§ **INSTRUCTIONS TO FOLLOW**: Return all lines from the entries below in which the word "either" is present.

(Stored records)

BEGIN

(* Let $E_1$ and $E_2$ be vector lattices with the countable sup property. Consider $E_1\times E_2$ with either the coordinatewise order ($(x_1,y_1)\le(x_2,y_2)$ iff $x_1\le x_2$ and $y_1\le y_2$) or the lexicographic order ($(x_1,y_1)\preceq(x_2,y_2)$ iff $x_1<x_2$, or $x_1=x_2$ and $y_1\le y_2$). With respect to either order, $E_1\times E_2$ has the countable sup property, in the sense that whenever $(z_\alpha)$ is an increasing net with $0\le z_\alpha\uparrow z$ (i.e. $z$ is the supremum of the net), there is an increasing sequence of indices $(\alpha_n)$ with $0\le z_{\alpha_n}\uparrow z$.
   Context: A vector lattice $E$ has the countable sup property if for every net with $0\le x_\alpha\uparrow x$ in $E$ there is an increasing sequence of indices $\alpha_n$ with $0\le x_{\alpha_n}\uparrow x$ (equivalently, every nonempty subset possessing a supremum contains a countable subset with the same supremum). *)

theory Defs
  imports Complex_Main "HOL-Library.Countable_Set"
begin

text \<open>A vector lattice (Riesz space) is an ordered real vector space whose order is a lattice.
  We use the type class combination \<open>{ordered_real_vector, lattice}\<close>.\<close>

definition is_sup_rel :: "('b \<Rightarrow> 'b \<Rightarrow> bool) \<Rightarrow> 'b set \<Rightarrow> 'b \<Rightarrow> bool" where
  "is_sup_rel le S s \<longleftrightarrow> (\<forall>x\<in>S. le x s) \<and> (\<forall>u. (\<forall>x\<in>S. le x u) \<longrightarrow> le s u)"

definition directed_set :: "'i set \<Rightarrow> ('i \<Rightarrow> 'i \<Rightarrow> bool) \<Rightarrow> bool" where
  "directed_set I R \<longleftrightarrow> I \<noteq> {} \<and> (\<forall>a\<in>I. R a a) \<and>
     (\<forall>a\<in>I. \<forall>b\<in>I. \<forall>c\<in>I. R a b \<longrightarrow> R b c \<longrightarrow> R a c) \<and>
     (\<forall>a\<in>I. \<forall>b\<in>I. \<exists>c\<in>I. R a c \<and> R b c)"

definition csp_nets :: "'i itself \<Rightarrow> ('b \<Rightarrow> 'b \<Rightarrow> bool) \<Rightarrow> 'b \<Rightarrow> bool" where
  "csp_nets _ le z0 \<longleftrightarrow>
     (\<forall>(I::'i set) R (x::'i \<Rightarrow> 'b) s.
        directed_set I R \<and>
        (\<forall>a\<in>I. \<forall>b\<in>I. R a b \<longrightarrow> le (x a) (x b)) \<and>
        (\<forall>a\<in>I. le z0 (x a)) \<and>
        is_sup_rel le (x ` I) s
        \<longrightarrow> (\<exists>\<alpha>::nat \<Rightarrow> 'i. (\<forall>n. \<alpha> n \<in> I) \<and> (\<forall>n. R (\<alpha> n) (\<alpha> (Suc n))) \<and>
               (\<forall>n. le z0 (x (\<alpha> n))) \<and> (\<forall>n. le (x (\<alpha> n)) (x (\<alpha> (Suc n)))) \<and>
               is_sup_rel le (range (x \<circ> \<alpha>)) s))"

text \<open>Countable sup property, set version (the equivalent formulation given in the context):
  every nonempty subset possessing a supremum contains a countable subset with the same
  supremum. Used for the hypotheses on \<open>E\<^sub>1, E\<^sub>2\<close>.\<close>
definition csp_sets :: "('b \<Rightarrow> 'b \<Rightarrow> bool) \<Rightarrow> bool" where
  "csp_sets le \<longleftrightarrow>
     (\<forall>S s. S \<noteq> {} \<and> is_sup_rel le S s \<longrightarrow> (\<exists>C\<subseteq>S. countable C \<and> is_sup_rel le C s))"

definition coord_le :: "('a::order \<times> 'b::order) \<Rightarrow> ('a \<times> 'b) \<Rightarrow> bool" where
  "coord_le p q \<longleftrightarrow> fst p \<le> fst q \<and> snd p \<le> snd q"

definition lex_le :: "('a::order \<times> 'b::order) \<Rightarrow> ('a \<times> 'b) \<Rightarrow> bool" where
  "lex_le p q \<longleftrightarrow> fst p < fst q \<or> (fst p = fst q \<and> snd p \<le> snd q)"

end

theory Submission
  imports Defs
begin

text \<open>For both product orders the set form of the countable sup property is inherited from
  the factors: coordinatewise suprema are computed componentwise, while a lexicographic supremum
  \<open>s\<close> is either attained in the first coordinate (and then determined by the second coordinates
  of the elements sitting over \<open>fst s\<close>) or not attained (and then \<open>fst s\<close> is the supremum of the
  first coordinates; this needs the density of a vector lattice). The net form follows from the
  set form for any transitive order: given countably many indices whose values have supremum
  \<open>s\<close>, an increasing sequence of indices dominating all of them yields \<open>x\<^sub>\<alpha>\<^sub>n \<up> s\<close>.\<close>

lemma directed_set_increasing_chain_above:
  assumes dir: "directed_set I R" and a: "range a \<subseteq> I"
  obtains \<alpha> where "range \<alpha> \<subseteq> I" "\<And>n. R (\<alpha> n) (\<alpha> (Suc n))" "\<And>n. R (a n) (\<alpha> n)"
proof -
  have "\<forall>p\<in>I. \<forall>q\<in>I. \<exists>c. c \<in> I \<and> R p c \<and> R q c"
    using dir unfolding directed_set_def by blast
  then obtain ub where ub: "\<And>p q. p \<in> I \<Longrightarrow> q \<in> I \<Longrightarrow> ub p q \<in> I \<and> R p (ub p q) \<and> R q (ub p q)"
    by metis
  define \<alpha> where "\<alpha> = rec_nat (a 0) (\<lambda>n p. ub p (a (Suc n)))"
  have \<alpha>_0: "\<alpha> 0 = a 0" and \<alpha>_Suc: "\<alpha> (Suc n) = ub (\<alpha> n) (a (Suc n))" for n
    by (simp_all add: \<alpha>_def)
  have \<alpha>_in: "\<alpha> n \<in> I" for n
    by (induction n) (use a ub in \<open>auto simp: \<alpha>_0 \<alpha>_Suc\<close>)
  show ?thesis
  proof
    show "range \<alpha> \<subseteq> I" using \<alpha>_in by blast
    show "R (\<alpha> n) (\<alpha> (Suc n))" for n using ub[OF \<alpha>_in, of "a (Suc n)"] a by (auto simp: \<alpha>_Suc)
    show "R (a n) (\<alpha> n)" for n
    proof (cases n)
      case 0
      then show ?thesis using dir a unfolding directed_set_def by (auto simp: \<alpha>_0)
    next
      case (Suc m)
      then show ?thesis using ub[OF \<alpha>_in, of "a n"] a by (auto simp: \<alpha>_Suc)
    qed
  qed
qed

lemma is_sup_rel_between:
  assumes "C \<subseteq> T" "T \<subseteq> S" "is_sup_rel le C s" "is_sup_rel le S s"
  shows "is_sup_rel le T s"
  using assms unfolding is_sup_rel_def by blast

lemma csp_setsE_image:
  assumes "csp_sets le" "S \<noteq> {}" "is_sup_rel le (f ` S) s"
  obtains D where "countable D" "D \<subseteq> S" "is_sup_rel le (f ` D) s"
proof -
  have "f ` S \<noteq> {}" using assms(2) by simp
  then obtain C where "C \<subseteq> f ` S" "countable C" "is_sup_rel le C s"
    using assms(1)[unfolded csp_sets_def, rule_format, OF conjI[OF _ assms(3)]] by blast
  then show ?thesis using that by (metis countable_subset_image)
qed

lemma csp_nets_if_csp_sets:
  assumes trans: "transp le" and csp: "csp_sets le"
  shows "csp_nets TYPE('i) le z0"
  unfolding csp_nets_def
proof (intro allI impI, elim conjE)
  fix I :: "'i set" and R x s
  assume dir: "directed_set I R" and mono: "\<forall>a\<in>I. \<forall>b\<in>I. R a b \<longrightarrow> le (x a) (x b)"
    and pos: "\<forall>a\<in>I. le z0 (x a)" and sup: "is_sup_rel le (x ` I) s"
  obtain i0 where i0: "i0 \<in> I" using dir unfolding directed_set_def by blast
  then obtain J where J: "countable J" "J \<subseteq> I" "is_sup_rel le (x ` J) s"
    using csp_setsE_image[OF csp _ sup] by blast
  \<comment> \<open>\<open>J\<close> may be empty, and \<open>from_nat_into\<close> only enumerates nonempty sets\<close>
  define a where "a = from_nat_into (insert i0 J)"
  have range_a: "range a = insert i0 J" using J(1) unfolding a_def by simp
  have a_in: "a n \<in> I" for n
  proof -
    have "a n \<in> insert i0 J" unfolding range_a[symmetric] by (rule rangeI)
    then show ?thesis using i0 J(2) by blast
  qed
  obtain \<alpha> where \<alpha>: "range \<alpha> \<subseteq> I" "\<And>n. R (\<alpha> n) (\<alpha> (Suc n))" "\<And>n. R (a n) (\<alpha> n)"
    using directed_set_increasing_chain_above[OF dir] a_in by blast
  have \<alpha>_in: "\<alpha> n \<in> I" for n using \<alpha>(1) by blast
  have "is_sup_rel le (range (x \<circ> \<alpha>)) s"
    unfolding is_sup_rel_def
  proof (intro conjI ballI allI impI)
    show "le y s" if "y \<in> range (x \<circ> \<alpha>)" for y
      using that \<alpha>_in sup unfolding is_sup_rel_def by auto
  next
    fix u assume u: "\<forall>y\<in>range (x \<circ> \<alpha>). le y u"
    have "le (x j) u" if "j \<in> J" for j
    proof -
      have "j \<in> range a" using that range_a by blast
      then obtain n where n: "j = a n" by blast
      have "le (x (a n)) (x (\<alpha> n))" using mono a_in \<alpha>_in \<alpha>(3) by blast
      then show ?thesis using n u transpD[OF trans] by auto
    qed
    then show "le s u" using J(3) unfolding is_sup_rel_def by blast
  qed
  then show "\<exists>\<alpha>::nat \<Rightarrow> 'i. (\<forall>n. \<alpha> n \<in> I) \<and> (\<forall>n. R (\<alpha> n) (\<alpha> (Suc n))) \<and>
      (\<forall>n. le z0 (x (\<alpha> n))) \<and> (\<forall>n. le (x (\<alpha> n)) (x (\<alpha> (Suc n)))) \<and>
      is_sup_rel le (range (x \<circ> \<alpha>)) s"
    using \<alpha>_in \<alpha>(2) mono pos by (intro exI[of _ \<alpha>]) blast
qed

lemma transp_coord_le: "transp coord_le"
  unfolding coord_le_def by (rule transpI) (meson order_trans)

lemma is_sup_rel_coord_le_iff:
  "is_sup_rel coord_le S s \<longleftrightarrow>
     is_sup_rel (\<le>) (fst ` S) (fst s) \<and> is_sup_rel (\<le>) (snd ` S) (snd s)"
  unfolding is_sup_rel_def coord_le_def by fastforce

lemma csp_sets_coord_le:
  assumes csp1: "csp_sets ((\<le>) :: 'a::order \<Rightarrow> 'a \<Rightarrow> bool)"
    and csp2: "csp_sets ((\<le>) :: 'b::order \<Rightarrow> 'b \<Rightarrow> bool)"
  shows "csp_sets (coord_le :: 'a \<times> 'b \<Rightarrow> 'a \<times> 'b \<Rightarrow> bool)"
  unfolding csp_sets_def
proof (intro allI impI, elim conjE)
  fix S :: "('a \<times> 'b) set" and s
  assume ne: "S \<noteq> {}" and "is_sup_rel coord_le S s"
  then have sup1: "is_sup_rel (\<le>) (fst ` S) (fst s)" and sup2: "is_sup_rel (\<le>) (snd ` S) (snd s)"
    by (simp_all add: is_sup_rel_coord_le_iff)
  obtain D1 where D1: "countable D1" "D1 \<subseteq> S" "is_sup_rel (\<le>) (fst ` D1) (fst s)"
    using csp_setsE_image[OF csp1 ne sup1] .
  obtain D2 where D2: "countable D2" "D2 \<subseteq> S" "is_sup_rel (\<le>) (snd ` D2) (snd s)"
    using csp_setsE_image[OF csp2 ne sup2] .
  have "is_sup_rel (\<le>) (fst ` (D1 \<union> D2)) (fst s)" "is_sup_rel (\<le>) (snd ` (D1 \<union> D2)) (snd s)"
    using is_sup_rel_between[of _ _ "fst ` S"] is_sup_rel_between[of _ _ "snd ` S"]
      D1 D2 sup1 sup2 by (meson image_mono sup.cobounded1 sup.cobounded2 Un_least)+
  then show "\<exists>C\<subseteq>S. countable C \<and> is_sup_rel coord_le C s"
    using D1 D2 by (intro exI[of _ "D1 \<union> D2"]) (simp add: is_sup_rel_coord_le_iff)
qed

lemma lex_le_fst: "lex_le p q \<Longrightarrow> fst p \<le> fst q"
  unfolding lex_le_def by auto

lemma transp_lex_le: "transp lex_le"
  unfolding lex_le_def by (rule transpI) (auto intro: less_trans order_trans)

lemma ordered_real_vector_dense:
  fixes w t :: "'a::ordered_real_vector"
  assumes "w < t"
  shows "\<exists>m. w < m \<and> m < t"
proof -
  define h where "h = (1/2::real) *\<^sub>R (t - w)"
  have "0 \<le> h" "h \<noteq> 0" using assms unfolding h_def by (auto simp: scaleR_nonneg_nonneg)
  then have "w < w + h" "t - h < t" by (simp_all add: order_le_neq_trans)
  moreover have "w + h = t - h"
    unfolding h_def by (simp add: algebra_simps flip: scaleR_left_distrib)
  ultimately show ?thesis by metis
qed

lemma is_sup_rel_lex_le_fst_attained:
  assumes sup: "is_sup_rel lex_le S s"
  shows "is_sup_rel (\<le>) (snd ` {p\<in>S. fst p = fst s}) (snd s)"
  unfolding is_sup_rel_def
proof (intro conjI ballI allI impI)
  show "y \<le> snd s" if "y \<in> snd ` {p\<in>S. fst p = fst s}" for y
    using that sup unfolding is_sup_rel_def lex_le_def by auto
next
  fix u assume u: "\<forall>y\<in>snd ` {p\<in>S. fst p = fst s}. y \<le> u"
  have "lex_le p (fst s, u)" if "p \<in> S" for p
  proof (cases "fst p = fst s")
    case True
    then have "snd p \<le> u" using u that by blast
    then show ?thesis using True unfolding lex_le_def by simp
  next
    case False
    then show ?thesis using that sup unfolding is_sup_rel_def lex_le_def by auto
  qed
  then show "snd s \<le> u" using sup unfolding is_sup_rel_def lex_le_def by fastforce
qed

END

§ **TASK OUTPUT**:
(* Let $E_1$ and $E_2$ be vector lattices with the countable sup property. Consider $E_1\times E_2$ with either the coordinatewise order ($(x_1,y_1)\le(x_2,y_2)$ iff $x_1\le x_2$ and $y_1\le y_2$) or the lexicographic order ($(x_1,y_1)\preceq(x_2,y_2)$ iff $x_1<x_2$, or $x_1=x_2$ and $y_1\le y_2$). With respect to either order, $E_1\times E_2$ has the countable sup property, in the sense that whenever $(z_\alpha)$ is an increasing net with $0\le z_\alpha\uparrow z$ (i.e. $z$ is the supremum of the net), there is an increasing sequence of indices $(\alpha_n)$ with $0\le z_{\alpha_n}\uparrow z$.
  \<open>s\<close> is either attained in the first coordinate (and then determined by the second coordinates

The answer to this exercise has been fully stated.